▶ _EXERCISE REQUIREMENTS_
Down to the final line, reproduce the entries that follow exactly.

▶ _Collected data entries_
lemma quad_basis_second_difference:
  assumes "t < length (quad_pairs n)" and "quad_pairs n ! t = (i, i)"
  shows "quad_basis n (unit_vec n i) + quad_basis n (- unit_vec n i) - 2 \<cdot>\<^sub>v quad_basis n (0\<^sub>v n)
    = unit_vec (quad_dim n) (Suc (n + t))"
proof (rule eq_vecI)
  have "(i, i) \<in> set (quad_pairs n)" using assms by (metis nth_mem)
  then have "i < n" by (simp add: set_quad_pairs)
  fix c assume "c < dim_vec (unit_vec (quad_dim n) (Suc (n + t)) :: real vec)"
  then have c: "c < quad_dim n" by simp
  then show "(quad_basis n (unit_vec n i) + quad_basis n (- unit_vec n i) - 2 \<cdot>\<^sub>v quad_basis n (0\<^sub>v n)) $ c
      = unit_vec (quad_dim n) (Suc (n + t)) $ c"
  proof (cases rule: quad_index_cases)
    case (3 t' a b)
    have "t' = t \<longleftrightarrow> (a, b) = (i, i)"
      using 3 assms by (metis nth_eq_iff_index_eq distinct_quad_pairs)
    then show ?thesis
      using 3 c \<open>i < n\<close> by (auto simp: quad_basis_nth quad_monomial_def dim_quad_basis unit_vec_def)
  qed (use c in \<open>simp_all add: quad_basis_nth dim_quad_basis unit_vec_def\<close>)
qed (simp add: dim_quad_basis)

lemma quad_basis_mixed_difference:
  assumes "t < length (quad_pairs n)" and "quad_pairs n ! t = (i, j)" and "i < j"
  shows "quad_basis n (unit_vec n i + unit_vec n j) - quad_basis n (unit_vec n i)
      - quad_basis n (unit_vec n j) + quad_basis n (0\<^sub>v n)
    = unit_vec (quad_dim n) (Suc (n + t))"
proof (rule eq_vecI)
  have "(i, j) \<in> set (quad_pairs n)" using assms by (metis nth_mem)
  then have "j < n" by (simp add: set_quad_pairs)
  fix c assume "c < dim_vec (unit_vec (quad_dim n) (Suc (n + t)) :: real vec)"
  then have c: "c < quad_dim n" by simp
  then show "(quad_basis n (unit_vec n i + unit_vec n j) - quad_basis n (unit_vec n i)
      - quad_basis n (unit_vec n j) + quad_basis n (0\<^sub>v n)) $ c
      = unit_vec (quad_dim n) (Suc (n + t)) $ c"
  proof (cases rule: quad_index_cases)
    case (3 t' a b)
    have "t' = t \<longleftrightarrow> (a, b) = (i, j)"
      using 3 assms by (metis nth_eq_iff_index_eq distinct_quad_pairs)
    then show ?thesis
      using 3 c assms(3) \<open>j < n\<close> by (auto simp: quad_basis_nth quad_monomial_def dim_quad_basis unit_vec_def)
  qed (use c \<open>j < n\<close> in \<open>auto simp: quad_basis_nth dim_quad_basis unit_vec_def\<close>)
qed (simp add: dim_quad_basis)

▶ _OUTPUT FOR THIS TASK_
lemma quad_basis_second_difference:
  assumes "t < length (quad_pairs n)" and "quad_pairs n ! t = (i, i)"
  shows "quad_basis n (unit_vec n i) + quad_basis n (- unit_vec n i) - 2 \<cdot>\<^sub>v quad_basis n (0\<^sub>v n)
    = unit_vec (quad_dim n) (Suc (n + t))"
proof (rule eq_vecI)
  have "(i, i) \<in> set (quad_pairs n)" using assms by (metis nth_mem)
  then have "i < n" by (simp add: set_quad_pairs)
  fix c assume "c < dim_vec (unit_vec (quad_dim n) (Suc (n + t)) :: real vec)"
  then have c: "c < quad_dim n" by simp
  then show "(quad_basis n (unit_vec n i) + quad_basis n (- unit_vec n i) - 2 \<cdot>\<^sub>v quad_basis n (0\<^sub>v n)) $ c
      = unit_vec (quad_dim n) (Suc (n + t)) $ c"
  proof (cases rule: quad_index_cases)
    case (3 t' a b)
    have "t' = t \<longleftrightarrow> (a, b) = (i, i)"
      using 3 assms by (metis nth_eq_iff_index_eq distinct_quad_pairs)
    then show ?thesis
      using 3 c \<open>i < n\<close> by (auto simp: quad_basis_nth quad_monomial_def dim_quad_basis unit_vec_def)
  qed (use c in \<open>simp_all add: quad_basis_nth dim_quad_basis unit_vec_def\<close>)
qed (simp add: dim_quad_basis)

lemma quad_basis_mixed_difference:
  assumes "t < length (quad_pairs n)" and "quad_pairs n ! t = (i, j)" and "i < j"
  shows "quad_basis n (unit_vec n i + unit_vec n j) - quad_basis n (unit_vec n i)
      - quad_basis n (unit_vec n j) + quad_basis n (0\<^sub>v n)
    = unit_vec (quad_dim n) (Suc (n + t))"
proof (rule eq_vecI)
  have "(i, j) \<in> set (quad_pairs n)" using assms by (metis nth_mem)
  then have "j < n" by (simp add: set_quad_pairs)
  fix c assume "c < dim_vec (unit_vec (quad_dim n) (Suc (n + t)) :: real vec)"
  then have c: "c < quad_dim n" by simp
  then show "(quad_basis n (unit_vec n i + unit_vec n j) - quad_basis n (unit_vec n i)
      - quad_basis n (unit_vec n j) + quad_basis n (0\<^sub>v n)) $ c
      = unit_vec (quad_dim n) (Suc (n + t)) $ c"
  proof (cases rule: quad_index_cases)
    case (3 t' a b)
    have "t' = t \<longleftrightarrow> (a, b) = (i, j)"
      using 3 assms by (metis nth_eq_iff_index_eq distinct_quad_pairs)
    then show ?thesis
      using 3 c assms(3) \<open>j < n\<close> by (auto simp: quad_basis_nth quad_monomial_def dim_quad_basis unit_vec_def)
  qed (use c \<open>j < n\<close> in \<open>auto simp: quad_basis_nth dim_quad_basis unit_vec_def\<close>)
qed (simp add: dim_quad_basis)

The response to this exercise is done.